SONG OF CEYLON

This film is held by the BFI (ID: 14933).

Synopsis

DOCUMENTARY.

r.1 Part 1 - the Buddha. Scenes of dark jungle with glimpses of animals, ruined temples and tropical vegetation (180), devil dancers perform (270), commentary explains that then came Buddha. Pilgrims traversing the slopes of Adam's Peak from where it is believed that Buddha departed from Earth. The pilgrims reach the summit and sit down to rest, celebrating with chants and recitations in Buddha's honour (575), carving and statues of Buddha (646), the pilgrims greet the first light and watch the shadow of the Peak as it forms (732), the pilgrims go in procession round the shrine chanting (826), sacred bells ring (852), shots of statues of Buddha (866), shots of lakes and birds in flight (939). Part 2 - the Virgin Island. Villagers draw water from a well, women fill their water pots from the river (1052), elephant with her young standing in the river (1058), a priest, debarred from doing any manner of work, begs for food from a householder (1131), boy mounting and riding an elephant (1163), fishermen set out to sea in their outrigger canoes (1210), other fishermen cast their nets inshore (1312), washerwomen at work (1345), pottery making (1392), tree sawing (1420), latheworking (1454), man aided by his son builds a wattle-and-daub house (1520), fishing nets laid out on the beach (1554), women harvesting rice, rice beaten (1707), village children attend a dancing class (1930), villagers gossip and laugh (2032).

r.2 Part 3 - the Voices of Commerce.

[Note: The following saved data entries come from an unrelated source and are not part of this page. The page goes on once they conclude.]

lemma total_recursive_diff [recursive_intros]:
  "total_recursive k a \<Longrightarrow> total_recursive k b \<Longrightarrow> total_recursive k (\<lambda>xs. a xs - b xs)"
proof -
  have "total_recursive 1 (\<lambda>xs. rec_nat 0 (\<lambda>i acc. (i # acc # xs) ! 0) (xs ! 0))"
    by (rule total_recursive_prim_rec) (rule recursive_intros | (simp; fail))+
  moreover have "rec_nat 0 (\<lambda>i acc. i) x = x - 1" for x :: nat
    by (induction x) auto
  ultimately have "total_recursive 1 (\<lambda>ys. ys ! 0 - 1)"
    by (auto elim: total_recursive_cong)
  then have pred: "total_recursive k (\<lambda>xs. c xs - 1)" if "total_recursive k c" for k c
    using that by (rule total_recursive_comp1)
  have "total_recursive 2 (\<lambda>xs. rec_nat (xs ! 0) (\<lambda>i acc. (i # acc # xs) ! 1 - 1) (xs ! 1))"
    by (rule total_recursive_prim_rec) (rule recursive_intros pred | (simp; fail))+
  moreover have "rec_nat x (\<lambda>i acc. acc - 1) y = x - y" for x y :: nat
    by (induction y) auto
  ultimately have "total_recursive 2 (\<lambda>ys. ys ! 0 - ys ! 1)"
    by (auto elim: total_recursive_cong)
  then show "total_recursive k a \<Longrightarrow> total_recursive k b \<Longrightarrow> total_recursive k (\<lambda>xs. a xs - b xs)"
    by (rule total_recursive_comp2)
qed

lemma total_recursive_mult [recursive_intros]:
  "total_recursive k a \<Longrightarrow> total_recursive k b \<Longrightarrow> total_recursive k (\<lambda>xs. a xs * b xs)"
proof -
  have "total_recursive 2 (\<lambda>xs. rec_nat 0 (\<lambda>i acc. (i # acc # xs) ! 1 + (i # acc # xs) ! 3) (xs ! 0))"
    by (rule total_recursive_prim_rec) (rule recursive_intros | (simp; fail))+
  moreover have "rec_nat 0 (\<lambda>i acc. acc + y) x = x * y" for x y :: nat
    by (induction x) auto
  ultimately have "total_recursive 2 (\<lambda>ys. ys ! 0 * ys ! 1)"
    by (auto elim: total_recursive_cong)
  then show "total_recursive k a \<Longrightarrow> total_recursive k b \<Longrightarrow> total_recursive k (\<lambda>xs. a xs * b xs)"
    by (rule total_recursive_comp2)
qed

lemma total_recursive_power [recursive_intros]:
  "total_recursive k a \<Longrightarrow> total_recursive k b \<Longrightarrow> total_recursive k (\<lambda>xs. a xs ^ b xs)"
proof -
  have "total_recursive 2 (\<lambda>xs. rec_nat 1 (\<lambda>i acc. (i # acc # xs) ! 1 * (i # acc # xs) ! 2) (xs ! 1))"
    by (rule total_recursive_prim_rec) (rule recursive_intros | (simp; fail))+
  moreover have "rec_nat 1 (\<lambda>i acc. acc * x) y = x ^ y" for x y :: nat
    by (induction y) auto
  ultimately have "total_recursive 2 (\<lambda>ys. ys ! 0 ^ ys ! 1)"
    by (auto elim: total_recursive_cong)
  then show "total_recursive k a \<Longrightarrow> total_recursive k b \<Longrightarrow> total_recursive k (\<lambda>xs. a xs ^ b xs)"
    by (rule total_recursive_comp2)
qed

text \<open>Predicates are decided by arithmetic on their 0/1 indicators, with truncated subtraction
  serving as the test for positivity.\<close>

lemma decidable_eq [recursive_intros]:
  "total_recursive k a \<Longrightarrow> total_recursive k b \<Longrightarrow> decidable k (\<lambda>xs. a xs = b xs)"
  unfolding decidable_def
  by (rule total_recursive_cong[where F = "\<lambda>xs. 1 - ((a xs - b xs) + (b xs - a xs))"])
    (rule recursive_intros | (simp; fail))+

lemma decidable_less [recursive_intros]:
  "total_recursive k a \<Longrightarrow> total_recursive k b \<Longrightarrow> decidable k (\<lambda>xs. a xs < b xs)"
  unfolding decidable_def
  by (rule total_recursive_cong[where F = "\<lambda>xs. 1 - (1 - (b xs - a xs))"])
    (rule recursive_intros | (simp; fail))+

lemma decidable_le [recursive_intros]:
  "total_recursive k a \<Longrightarrow> total_recursive k b \<Longrightarrow> decidable k (\<lambda>xs. a xs \<le> b xs)"
  unfolding decidable_def
  by (rule total_recursive_cong[where F = "\<lambda>xs. 1 - (a xs - b xs)"])
    (rule recursive_intros | (simp; fail))+

lemma decidable_not [recursive_intros]: "decidable k P \<Longrightarrow> decidable k (\<lambda>xs. \<not> P xs)"
  unfolding decidable_def
  by (rule total_recursive_cong[where F = "\<lambda>xs. 1 - of_bool (P xs)"])
    (rule recursive_intros | (simp; fail))+

lemma decidable_conj [recursive_intros]:
  "decidable k P \<Longrightarrow> decidable k Q \<Longrightarrow> decidable k (\<lambda>xs. P xs \<and> Q xs)"
  unfolding decidable_def
  by (rule total_recursive_cong[where F = "\<lambda>xs. of_bool (P xs) * of_bool (Q xs)"])
    (rule recursive_intros | (simp; fail))+

lemma decidable_disj [recursive_intros]:
  "decidable k P \<Longrightarrow> decidable k Q \<Longrightarrow> decidable k (\<lambda>xs. P xs \<or> Q xs)"
  unfolding decidable_def
  by (rule total_recursive_cong[where F = "\<lambda>xs. 1 - (1 - of_bool (P xs)) * (1 - of_bool (Q xs))"])
    (rule recursive_intros | (simp; fail))+

lemma total_recursive_if [recursive_intros]:
  "decidable k P \<Longrightarrow> total_recursive k a \<Longrightarrow> total_recursive k b \<Longrightarrow>
   total_recursive k (\<lambda>xs. if P xs then a xs else b xs)"
  unfolding decidable_def
  by (rule total_recursive_cong[where F = "\<lambda>xs. of_bool (P xs) * a xs + (1 - of_bool (P xs)) * b xs"])
    (rule recursive_intros | (simp; fail))+

lemma decidable_if [recursive_intros]:
  "decidable k P \<Longrightarrow> decidable k Q \<Longrightarrow> decidable k R \<Longrightarrow>
   decidable k (\<lambda>xs. if P xs then Q xs else R xs)"
  unfolding decidable_def if_distrib[of of_bool]
  by (intro total_recursive_if) (simp_all add: decidable_def)
(* Let $\mathcal C\subset\mathbb R^d$ be a non-empty convex compact set, $H=\operatorname{aff}(\mathcal C)$ with direction $V$, so $\mathbb R^d=V\oplus V^\perp$, and $\Pi_V$ the orthogonal projection onto $V$. Let $\Omega$ be a proper l.s.c. convex function on $\mathbb R^d$ with $\operatorname{dom}(\Omega)=\mathcal C$ whose restriction $\Omega_{|H}$ to $H$ is Legendre-type (with respect to the metric of $H$). Then: (1) $\operatorname{dom}(\Omega^* )=\mathbb R^d$, so $\Omega$ is a $\mathcal C$-regularizer; moreover $\Omega^*$ is differentiable on $\mathbb R^d$ and for every $y\in\operatorname{relint}(\mathcal C)$ and every $\theta\in\partial\Omega(y)$, $\nabla\Omega^*(\theta)=y$. (2) For every $\theta\in\mathbb R^d$, written $\theta=\theta_V+\theta_{V^\perp}$ with $\theta_V=\Pi_V(\theta)$, and every $y_0\in\mathcal C$, $\Omega^*(\theta)=\Omega^*(\theta_V)+\langle\theta_{V^\perp}|y_0\rangle$. (3) For every $y\in H$, $\partial\Omega(y)=\partial(\Omega_{|H})(y)+V^\perp$, and in particular for $y\in\operatorname{relint}(\operatorname{dom}\Omega)$, $\partial\Omega(y)=\{\nabla\Omega_{|H}(y)\}+V^\perp$.
   Context: A function is Legendre-type if it is strictly convex on the interior of its domain and essentially smooth: the interior of its domain is nonempty, it is differentiable there, and its gradient norm tends to $+\infty$ at the boundary of the domain. For $\Omega_{|H}$, interiors, gradients and subdifferentials are taken in $H$ with the inner product induced on $V$ (so $\partial(\Omega_{|H})(y)\subset V$, viewed in $\mathbb R^d$). $\Omega^*$ is the Fenchel conjugate. A $\mathcal C$-regularizer is a strictly convex, lower-semicontinuous function $\Omega:\mathbb R^d\to\mathbb R\cup\{+\infty\}$ with $\operatorname{cl}(\operatorname{dom}\Omega)=\mathcal C$ and $\operatorname{dom}(\Omega^* )=\mathbb R^d$.
   Formalization: Part (1) omits the conclusion that $\Omega$ is a $\mathcal C$-regularizer, so strict convexity of $\Omega$ on $\operatorname{dom}(\Omega)=\mathcal C$ is not asserted. The statement above fails without it. *)

theory Defs
  imports "HOL-Analysis.Analysis"
begin

definition edom :: "('a \<Rightarrow> ereal) \<Rightarrow> 'a set" where
  "edom f = {x. f x < \<infinity>}"

definition proper_fun :: "('a \<Rightarrow> ereal) \<Rightarrow> bool" where
  "proper_fun f \<longleftrightarrow> (\<forall>x. f x \<noteq> -\<infinity>) \<and> (\<exists>x. f x \<noteq> \<infinity>)"

definition econvex :: "('a::real_vector \<Rightarrow> ereal) \<Rightarrow> bool" where
  "econvex f \<longleftrightarrow> convex {(x, r::real). f x \<le> ereal r}"

definition elsc :: "('a::topological_space \<Rightarrow> ereal) \<Rightarrow> bool" where
  "elsc f \<longleftrightarrow> (\<forall>x. f x \<le> Liminf (at x) f)"

definition fconj :: "('a::real_inner \<Rightarrow> ereal) \<Rightarrow> 'a \<Rightarrow> ereal" where
  "fconj f \<theta> = (SUP y. ereal (\<theta> \<bullet> y) - f y)"

definition subdiff :: "('a::real_inner \<Rightarrow> ereal) \<Rightarrow> 'a \<Rightarrow> 'a set" where
  "subdiff f y = {\<theta>. f y \<noteq> \<infinity> \<and> (\<forall>z. f y + ereal (\<theta> \<bullet> (z - y)) \<le> f z)}"

text \<open>Subdifferential of the restriction of f to the affine set H with direction V,
  taken in H with the inner product induced on V (so subgradients lie in V).\<close>
definition rel_subdiff :: "('a::real_inner \<Rightarrow> ereal) \<Rightarrow> 'a set \<Rightarrow> 'a set \<Rightarrow> 'a \<Rightarrow> 'a set" where
  "rel_subdiff f H V y = {g \<in> V. y \<in> H \<and> f y \<noteq> \<infinity> \<and> (\<forall>z\<in>H. f y + ereal (g \<bullet> (z - y)) \<le> f z)}"

definition direction :: "'a::real_vector set \<Rightarrow> 'a set" where
  "direction H = {x - y | x y. x \<in> H \<and> y \<in> H}"

definition orth_proj :: "'a::real_inner set \<Rightarrow> 'a \<Rightarrow> 'a" where
  "orth_proj V \<theta> = (THE v. v \<in> V \<and> \<theta> - v \<in> orthogonal_comp V)"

View from a moving train of the countryside, railway track (56), elephants used for clearing trees for new roadways, elephants carrying granite stones (138), native boy prays in front of a cocoanut tree and climbs it (193), ship at sea (222), the native throws cocoanuts down from the tree, the cocoanuts are loaded onto a bullock cart, the nuts are taken and split open (327), wireless mast (342), details of steamers due for arrival posted up in shipping office (374), tea picking in a field (448), factory machines working (507), ships and tugs (513), tea crates loaded onto ships, liner pulls out of harbour (540), streets of Colombo, carts and lorries, people carrying goods, modern buildings (597). Part 4 - the Apparel of a God (618). Elephant riders return to the village (659), father chasing his child (679), fishing canoes return to the shore (709), tea plantation workers file back home (749), a native approaches some huge statues of Buddha and makes an offering of flowers to Buddha (1005), shots of the Buddha and other statues (1047), men and women walking along path to the ceremonial dancing floor (1060), a drummer begins beating his drum with his hands and dancing, dancers perform accompanied by the drumming and singing, the dancing becomes more frenzied (1377), shots of the dancers and statue of Buddha interposed (1433), final shots of tropical foliage (1475).

The End (3507).

 

Context

The Song of Ceylon originated from an Empire Marketing Board (EMB) commission to produce four travelogues for the Ceylon Tea Propaganda Board.  Late in December 1933 John Grierson despatched Basil Wright and John Taylor to Ceylon (Sri Lanka) to produce these four short films. Although expected to broadly cover the island’s life and industry, the Tea Board gave Wright a free hand as director – no scenario was written.With no clearly stated corporate or imperial policy dictating how he represented Ceylon, Wright set about recording his personal response to the island.  The sponsor provided a small crew of porters and Lionel Wendt to act as guide and translator. Although educated in England, Wendt was ethnically a Burgher (a descendent of islanders who intermarried with European settlers).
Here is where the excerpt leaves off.